- AIM OF THE TASK
How many lines in the data below contain the string "fixes"? State that number only.

- DATA RECORDS

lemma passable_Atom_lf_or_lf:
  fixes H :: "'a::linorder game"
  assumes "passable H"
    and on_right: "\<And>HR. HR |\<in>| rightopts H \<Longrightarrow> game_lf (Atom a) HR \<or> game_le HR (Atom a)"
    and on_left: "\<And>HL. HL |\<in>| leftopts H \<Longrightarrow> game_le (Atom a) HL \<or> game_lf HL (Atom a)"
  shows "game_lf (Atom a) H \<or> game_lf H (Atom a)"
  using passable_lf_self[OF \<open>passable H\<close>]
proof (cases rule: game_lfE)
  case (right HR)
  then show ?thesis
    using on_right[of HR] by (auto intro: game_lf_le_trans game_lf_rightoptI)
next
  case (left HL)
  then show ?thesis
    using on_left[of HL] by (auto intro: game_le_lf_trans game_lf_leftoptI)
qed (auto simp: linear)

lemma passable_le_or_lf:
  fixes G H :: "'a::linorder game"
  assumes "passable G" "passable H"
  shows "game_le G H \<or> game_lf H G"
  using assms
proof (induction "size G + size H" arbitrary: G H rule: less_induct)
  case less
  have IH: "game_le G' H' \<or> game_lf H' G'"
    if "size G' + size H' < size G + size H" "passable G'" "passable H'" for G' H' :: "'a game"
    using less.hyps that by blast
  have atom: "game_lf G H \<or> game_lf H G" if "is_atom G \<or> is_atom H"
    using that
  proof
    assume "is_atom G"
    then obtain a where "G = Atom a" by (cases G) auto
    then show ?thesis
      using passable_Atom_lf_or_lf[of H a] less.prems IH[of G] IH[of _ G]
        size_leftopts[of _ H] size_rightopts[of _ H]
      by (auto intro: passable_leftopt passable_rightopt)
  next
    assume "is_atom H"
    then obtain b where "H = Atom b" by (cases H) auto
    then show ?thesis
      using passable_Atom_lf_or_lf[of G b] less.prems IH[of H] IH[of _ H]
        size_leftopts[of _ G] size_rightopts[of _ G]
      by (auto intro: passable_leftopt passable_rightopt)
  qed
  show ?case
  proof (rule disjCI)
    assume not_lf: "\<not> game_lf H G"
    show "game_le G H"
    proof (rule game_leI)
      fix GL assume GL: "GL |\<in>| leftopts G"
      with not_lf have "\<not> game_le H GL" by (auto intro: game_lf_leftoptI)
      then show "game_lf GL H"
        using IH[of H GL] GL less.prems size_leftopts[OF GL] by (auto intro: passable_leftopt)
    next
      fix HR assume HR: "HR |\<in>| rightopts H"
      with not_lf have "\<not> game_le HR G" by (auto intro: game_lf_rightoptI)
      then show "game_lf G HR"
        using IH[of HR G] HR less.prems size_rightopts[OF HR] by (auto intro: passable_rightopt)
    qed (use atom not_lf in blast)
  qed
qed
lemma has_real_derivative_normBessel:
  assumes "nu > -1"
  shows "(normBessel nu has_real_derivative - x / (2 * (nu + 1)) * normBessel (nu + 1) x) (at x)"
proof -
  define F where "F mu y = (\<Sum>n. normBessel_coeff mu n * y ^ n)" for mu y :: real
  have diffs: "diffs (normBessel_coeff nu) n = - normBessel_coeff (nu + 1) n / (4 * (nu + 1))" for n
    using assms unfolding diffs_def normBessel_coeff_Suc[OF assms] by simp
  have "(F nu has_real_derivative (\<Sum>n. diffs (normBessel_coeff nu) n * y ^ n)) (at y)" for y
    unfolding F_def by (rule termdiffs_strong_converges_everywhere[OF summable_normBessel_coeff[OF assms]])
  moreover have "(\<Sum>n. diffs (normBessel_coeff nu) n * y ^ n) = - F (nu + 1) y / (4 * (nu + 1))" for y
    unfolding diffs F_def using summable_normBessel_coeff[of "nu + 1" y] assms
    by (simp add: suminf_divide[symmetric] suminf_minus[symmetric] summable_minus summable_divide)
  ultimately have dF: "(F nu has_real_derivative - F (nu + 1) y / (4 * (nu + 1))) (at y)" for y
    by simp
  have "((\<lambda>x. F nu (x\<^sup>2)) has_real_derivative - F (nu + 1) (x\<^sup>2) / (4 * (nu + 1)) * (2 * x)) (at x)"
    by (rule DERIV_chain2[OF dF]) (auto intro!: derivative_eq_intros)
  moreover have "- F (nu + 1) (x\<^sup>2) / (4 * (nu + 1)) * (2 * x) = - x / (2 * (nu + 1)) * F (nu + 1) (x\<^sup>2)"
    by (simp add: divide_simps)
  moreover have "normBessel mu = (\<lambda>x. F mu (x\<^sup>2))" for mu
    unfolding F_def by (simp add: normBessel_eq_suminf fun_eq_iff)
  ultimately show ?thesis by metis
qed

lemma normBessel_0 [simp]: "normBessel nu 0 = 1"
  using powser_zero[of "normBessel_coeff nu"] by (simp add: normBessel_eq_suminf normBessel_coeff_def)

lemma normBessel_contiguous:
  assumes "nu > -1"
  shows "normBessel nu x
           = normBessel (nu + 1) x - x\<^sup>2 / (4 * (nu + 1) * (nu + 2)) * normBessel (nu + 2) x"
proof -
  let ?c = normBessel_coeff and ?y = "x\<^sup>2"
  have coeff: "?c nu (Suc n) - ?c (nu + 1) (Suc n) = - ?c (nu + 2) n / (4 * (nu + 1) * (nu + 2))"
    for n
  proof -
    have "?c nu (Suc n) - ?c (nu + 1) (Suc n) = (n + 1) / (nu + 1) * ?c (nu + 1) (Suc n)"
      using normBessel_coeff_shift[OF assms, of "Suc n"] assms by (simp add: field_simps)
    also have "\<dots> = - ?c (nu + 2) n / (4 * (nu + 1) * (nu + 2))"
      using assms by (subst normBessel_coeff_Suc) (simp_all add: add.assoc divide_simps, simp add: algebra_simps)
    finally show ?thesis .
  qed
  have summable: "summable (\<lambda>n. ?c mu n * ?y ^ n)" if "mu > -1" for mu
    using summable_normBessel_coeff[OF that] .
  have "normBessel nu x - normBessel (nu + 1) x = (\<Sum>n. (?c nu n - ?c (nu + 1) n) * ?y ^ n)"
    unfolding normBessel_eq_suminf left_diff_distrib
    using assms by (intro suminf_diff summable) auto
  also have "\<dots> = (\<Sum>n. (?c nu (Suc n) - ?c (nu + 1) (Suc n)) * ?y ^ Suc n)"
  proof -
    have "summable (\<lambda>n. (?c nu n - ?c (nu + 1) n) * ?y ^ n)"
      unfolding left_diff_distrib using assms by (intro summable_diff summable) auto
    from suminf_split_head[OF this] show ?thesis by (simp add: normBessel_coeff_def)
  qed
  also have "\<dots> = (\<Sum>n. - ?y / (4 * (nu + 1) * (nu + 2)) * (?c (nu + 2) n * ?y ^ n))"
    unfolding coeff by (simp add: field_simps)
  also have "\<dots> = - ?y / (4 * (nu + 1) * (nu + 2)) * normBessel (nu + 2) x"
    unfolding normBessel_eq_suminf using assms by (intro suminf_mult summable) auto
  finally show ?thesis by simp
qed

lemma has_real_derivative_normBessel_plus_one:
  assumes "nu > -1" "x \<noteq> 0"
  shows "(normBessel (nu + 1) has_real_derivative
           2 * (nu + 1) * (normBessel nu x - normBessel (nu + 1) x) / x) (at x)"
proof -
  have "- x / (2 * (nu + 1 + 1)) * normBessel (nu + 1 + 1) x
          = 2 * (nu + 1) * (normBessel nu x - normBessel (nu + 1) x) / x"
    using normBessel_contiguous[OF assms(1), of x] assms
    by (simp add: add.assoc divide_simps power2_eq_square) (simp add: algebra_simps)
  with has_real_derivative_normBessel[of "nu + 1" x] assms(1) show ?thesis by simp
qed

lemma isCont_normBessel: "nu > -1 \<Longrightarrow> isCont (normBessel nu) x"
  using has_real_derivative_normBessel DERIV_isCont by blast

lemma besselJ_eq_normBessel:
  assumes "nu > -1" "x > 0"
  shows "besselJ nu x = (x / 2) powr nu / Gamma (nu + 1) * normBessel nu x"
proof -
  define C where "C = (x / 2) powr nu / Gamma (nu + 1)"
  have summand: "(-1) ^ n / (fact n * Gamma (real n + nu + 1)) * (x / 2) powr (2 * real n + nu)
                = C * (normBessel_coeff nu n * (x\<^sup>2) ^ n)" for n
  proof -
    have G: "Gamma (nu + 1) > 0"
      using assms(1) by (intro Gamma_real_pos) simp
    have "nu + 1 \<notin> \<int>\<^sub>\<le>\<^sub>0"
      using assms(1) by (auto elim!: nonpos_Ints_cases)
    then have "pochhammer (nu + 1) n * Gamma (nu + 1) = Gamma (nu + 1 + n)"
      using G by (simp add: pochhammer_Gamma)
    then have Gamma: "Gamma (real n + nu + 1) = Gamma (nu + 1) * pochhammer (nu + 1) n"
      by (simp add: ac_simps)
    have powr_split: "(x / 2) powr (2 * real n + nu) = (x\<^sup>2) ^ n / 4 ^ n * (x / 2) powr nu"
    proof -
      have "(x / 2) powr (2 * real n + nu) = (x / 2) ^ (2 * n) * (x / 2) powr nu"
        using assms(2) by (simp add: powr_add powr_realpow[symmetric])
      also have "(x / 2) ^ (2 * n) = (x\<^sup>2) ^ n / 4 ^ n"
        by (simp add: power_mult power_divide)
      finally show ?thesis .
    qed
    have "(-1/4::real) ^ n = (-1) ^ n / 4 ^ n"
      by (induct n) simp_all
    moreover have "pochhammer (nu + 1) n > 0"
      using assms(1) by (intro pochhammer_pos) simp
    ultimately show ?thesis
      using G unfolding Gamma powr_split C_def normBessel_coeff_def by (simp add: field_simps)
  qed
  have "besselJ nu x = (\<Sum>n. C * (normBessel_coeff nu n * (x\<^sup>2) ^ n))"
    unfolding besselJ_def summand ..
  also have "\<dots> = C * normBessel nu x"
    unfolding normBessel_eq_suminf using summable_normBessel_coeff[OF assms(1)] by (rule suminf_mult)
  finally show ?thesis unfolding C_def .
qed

* * *

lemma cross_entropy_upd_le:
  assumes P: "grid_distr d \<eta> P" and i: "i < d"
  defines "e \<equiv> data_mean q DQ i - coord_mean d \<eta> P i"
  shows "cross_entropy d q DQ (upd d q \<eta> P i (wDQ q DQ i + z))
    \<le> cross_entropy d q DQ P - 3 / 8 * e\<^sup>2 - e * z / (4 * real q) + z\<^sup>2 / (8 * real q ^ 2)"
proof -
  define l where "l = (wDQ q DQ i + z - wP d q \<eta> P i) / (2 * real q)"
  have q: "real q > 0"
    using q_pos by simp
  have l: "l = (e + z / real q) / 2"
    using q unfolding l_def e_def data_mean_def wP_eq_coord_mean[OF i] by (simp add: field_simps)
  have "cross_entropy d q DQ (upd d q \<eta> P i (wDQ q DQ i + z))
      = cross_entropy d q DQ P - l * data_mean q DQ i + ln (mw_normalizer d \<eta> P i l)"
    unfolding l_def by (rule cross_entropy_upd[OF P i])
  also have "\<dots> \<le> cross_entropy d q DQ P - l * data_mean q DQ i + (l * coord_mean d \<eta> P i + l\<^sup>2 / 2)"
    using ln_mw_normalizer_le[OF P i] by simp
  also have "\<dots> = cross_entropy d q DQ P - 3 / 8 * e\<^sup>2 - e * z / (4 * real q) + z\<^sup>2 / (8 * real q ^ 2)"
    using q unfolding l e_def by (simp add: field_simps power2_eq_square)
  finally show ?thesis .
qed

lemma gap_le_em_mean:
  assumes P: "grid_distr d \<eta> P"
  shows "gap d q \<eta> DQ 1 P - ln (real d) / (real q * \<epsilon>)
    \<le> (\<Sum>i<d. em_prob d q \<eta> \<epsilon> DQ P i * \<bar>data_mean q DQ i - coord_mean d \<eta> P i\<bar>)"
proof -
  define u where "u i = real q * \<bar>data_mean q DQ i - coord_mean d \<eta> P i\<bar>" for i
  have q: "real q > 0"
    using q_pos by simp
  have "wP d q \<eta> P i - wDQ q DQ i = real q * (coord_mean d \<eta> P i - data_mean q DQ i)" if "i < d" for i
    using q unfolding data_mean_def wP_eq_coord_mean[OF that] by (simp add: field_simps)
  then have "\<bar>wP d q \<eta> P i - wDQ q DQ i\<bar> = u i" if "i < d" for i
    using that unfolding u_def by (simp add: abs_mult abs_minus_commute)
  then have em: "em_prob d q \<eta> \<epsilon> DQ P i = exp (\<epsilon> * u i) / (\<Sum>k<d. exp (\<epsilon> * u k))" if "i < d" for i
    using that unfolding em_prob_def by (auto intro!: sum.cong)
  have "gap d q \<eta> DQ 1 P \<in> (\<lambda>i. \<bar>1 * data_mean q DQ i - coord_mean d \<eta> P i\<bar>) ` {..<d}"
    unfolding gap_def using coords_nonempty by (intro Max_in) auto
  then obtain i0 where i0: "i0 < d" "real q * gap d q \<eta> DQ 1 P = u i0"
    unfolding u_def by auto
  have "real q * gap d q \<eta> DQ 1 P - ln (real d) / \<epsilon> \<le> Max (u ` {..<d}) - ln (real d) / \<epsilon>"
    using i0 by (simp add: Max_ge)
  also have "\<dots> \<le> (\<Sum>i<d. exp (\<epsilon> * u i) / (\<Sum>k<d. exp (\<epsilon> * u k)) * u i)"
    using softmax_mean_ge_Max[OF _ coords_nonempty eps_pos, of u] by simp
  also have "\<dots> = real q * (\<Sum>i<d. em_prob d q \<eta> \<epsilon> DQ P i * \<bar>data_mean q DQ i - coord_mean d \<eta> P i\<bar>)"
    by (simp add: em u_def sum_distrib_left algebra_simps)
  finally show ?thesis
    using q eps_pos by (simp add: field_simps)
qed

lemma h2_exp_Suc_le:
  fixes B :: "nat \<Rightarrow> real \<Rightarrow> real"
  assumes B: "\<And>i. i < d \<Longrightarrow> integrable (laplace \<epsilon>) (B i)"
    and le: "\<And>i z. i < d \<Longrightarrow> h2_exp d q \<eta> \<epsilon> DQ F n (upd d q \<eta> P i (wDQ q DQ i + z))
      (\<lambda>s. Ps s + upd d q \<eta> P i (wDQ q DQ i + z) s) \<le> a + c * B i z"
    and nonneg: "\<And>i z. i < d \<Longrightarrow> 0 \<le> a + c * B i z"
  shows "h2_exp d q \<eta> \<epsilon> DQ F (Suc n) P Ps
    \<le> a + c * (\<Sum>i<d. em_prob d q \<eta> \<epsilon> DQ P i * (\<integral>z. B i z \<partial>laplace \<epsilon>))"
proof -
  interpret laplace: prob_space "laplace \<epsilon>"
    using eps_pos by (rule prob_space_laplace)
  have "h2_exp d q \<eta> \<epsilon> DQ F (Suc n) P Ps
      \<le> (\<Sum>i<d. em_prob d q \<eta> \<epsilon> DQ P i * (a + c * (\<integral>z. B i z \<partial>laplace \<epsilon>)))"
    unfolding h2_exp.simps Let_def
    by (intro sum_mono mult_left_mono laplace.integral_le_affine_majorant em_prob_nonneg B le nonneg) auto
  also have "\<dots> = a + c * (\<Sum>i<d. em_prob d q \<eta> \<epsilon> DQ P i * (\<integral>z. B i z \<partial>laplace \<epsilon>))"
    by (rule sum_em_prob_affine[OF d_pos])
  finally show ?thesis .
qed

- REPLY
3